> [Assignment] The first line of the data below and every line after it, through the one with "using leg_two_cases by auto", must be transcribed without change.

Stored data entries
-*-

lemma bij_betw_cheb_Aset_iff:
  assumes "e1 \<in> {1, -1}" "e2 \<in> {1, -1}" and nonempty: "Aset (1::'a) e1 e2 \<noteq> {}"
  shows "bij_betw (cheb k) (Aset (1::'a) e1 e2) (Aset 1 e1 e2)
    \<longleftrightarrow> gcd k (dpar (card (UNIV::'a set)) (leg (2::'a) * e1) (leg (2::'a) * e2)) = 1"
proof -
  have nu: "leg (2::'a) * leg (2::'a) = 1" using leg_two_cases by auto
  have "e1 = leg (2::'a) \<or> e1 = - leg (2::'a)" "e2 = leg (2::'a) \<or> e2 = - leg (2::'a)"
    using assms(1,2) leg_two_cases by auto
  then consider "e1 = leg (2::'a)" "e2 = leg (2::'a)" | "e1 = - leg (2::'a)" "e2 = - leg (2::'a)"
    | "e1 = - leg (2::'a)" "e2 = leg (2::'a)" | "e1 = leg (2::'a)" "e2 = - leg (2::'a)"
    by blast
  then show ?thesis
  proof cases
    case 1
    then show ?thesis using bij_betw_cheb_Aset_nu_nu_iff nonempty nu
      by (simp add: dpar_def coprime_iff_gcd_eq_1)
  next
    case 2
    then show ?thesis using bij_betw_cheb_Aset_neg_nu_neg_nu_iff nonempty nu
      by (simp add: dpar_def coprime_iff_gcd_eq_1)
  next
    case 3
    then show ?thesis using bij_betw_cheb_Aset_neg_nu_nu_iff nonempty nu
      by (simp add: dpar_def coprime_iff_gcd_eq_1)
  next
    case 4
    then show ?thesis using bij_betw_cheb_Aset_nu_neg_nu_iff nonempty nu
      by (simp add: dpar_def coprime_iff_gcd_eq_1)
  qed
qed

end

theorem theorem9p1:
  fixes k :: nat
  assumes oddq: "odd (card (UNIV::'a::{finite,field} set))"
    and k1: "k \<ge> 1"
  defines "q \<equiv> card (UNIV::'a set)"
    and "\<epsilon> \<equiv> leg (-1::'a)"
    and "\<nu> \<equiv> leg (2::'a)"
  shows "cheb k (1::'a) = 1 \<and> cheb k (-1::'a) = (-1) ^ k
    \<and> (cheb k ` Aset (1::'a) \<nu> \<nu> \<subseteq> Aset 1 \<nu> \<nu> \<union> {1, - of_int \<epsilon>}
       \<and> cheb k ` Aset (1::'a) (-\<nu>) \<nu> \<subseteq> Aset 1 (-\<nu>) \<nu> \<union> {1, of_int \<epsilon>})
    \<and> (odd k \<longrightarrow>
         cheb k ` Aset (1::'a) (\<epsilon>*\<nu>) (-\<nu>) \<subseteq> Aset 1 (\<epsilon>*\<nu>) (-\<nu>) \<union> {-1}
       \<and> cheb k ` Aset (1::'a) (-\<epsilon>*\<nu>) (-\<nu>) \<subseteq> Aset 1 (-\<epsilon>*\<nu>) (-\<nu>))
    \<and> (even k \<longrightarrow>
         cheb k ` Aset (1::'a) (-\<nu>) (-\<nu>) \<subseteq> Aset 1 \<nu> \<nu> \<union> {1, - of_int \<epsilon>}
       \<and> cheb k ` Aset (1::'a) \<nu> (-\<nu>) \<subseteq> Aset 1 (-\<nu>) \<nu> \<union> {1, of_int \<epsilon>})
    \<and> ((q - 1) div 2 dvd k \<longrightarrow>
         cheb k ` (UNIV::'a set) \<subseteq> Aset 1 1 (-1) \<union> Aset 1 (-1) 1 \<union> {1, -1}
       \<and> Aset (1::'a) 1 (-1) \<union> Aset 1 (-1) 1 = {a. leg (a ^ 2 - 1) = -1}
       \<and> (even k \<longrightarrow> cheb k ` (UNIV::'a set) \<subseteq> Aset 1 (-\<nu>) \<nu> \<union> {1, -1}))
    \<and> ((q + 1) div 2 dvd k \<longrightarrow>
         cheb k ` (UNIV::'a set) \<subseteq> Aset 1 1 1 \<union> Aset 1 (-1) (-1) \<union> {1, -1}
       \<and> Aset (1::'a) 1 1 \<union> Aset 1 (-1) (-1) \<union> {1, -1} = {a. leg (a ^ 2 - 1) \<noteq> -1}
       \<and> (even k \<longrightarrow> cheb k ` (UNIV::'a set) \<subseteq> Aset 1 \<nu> \<nu> \<union> {1, -1}))
    \<and> (\<forall>e1\<in>{1, -1}. \<forall>e2\<in>{1, -1}. Aset (1::'a) e1 e2 \<noteq> {} \<longrightarrow>
         (bij_betw (cheb k) (Aset (1::'a) e1 e2) (Aset 1 e1 e2)
          \<longleftrightarrow> gcd k (dpar q (\<nu> * e1) (\<nu> * e2)) = 1))"
proof -
  interpret odd_field "TYPE('a)" by unfold_locales (fact oddq)
  show ?thesis
    unfolding q_def \<epsilon>_def \<nu>_def
    by (intro conjI impI ballI; (rule cheb_one cheb_minus_one cheb_image_Aset_nu_nu
        cheb_image_Aset_neg_nu_nu cheb_image_Aset_odd cheb_image_Aset_even
        range_cheb_if_dvd_card_pred_half range_cheb_if_dvd_card_succ_half
        Aset_Un_eq_nonsquare Aset_Un_eq_square bij_betw_cheb_Aset_iff; assumption))
qed

end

-*-

> [Result below]
lemma bij_betw_cheb_Aset_iff:
  assumes "e1 \<in> {1, -1}" "e2 \<in> {1, -1}" and nonempty: "Aset (1::'a) e1 e2 \<noteq> {}"
  shows "bij_betw (cheb k) (Aset (1::'a) e1 e2) (Aset 1 e1 e2)
    \<longleftrightarrow> gcd k (dpar (card (UNIV::'a set)) (leg (2::'a) * e1) (leg (2::'a) * e2)) = 1"
proof -
  have nu: "leg (2::'a) * leg (2::'a) = 1" using leg_two_cases by auto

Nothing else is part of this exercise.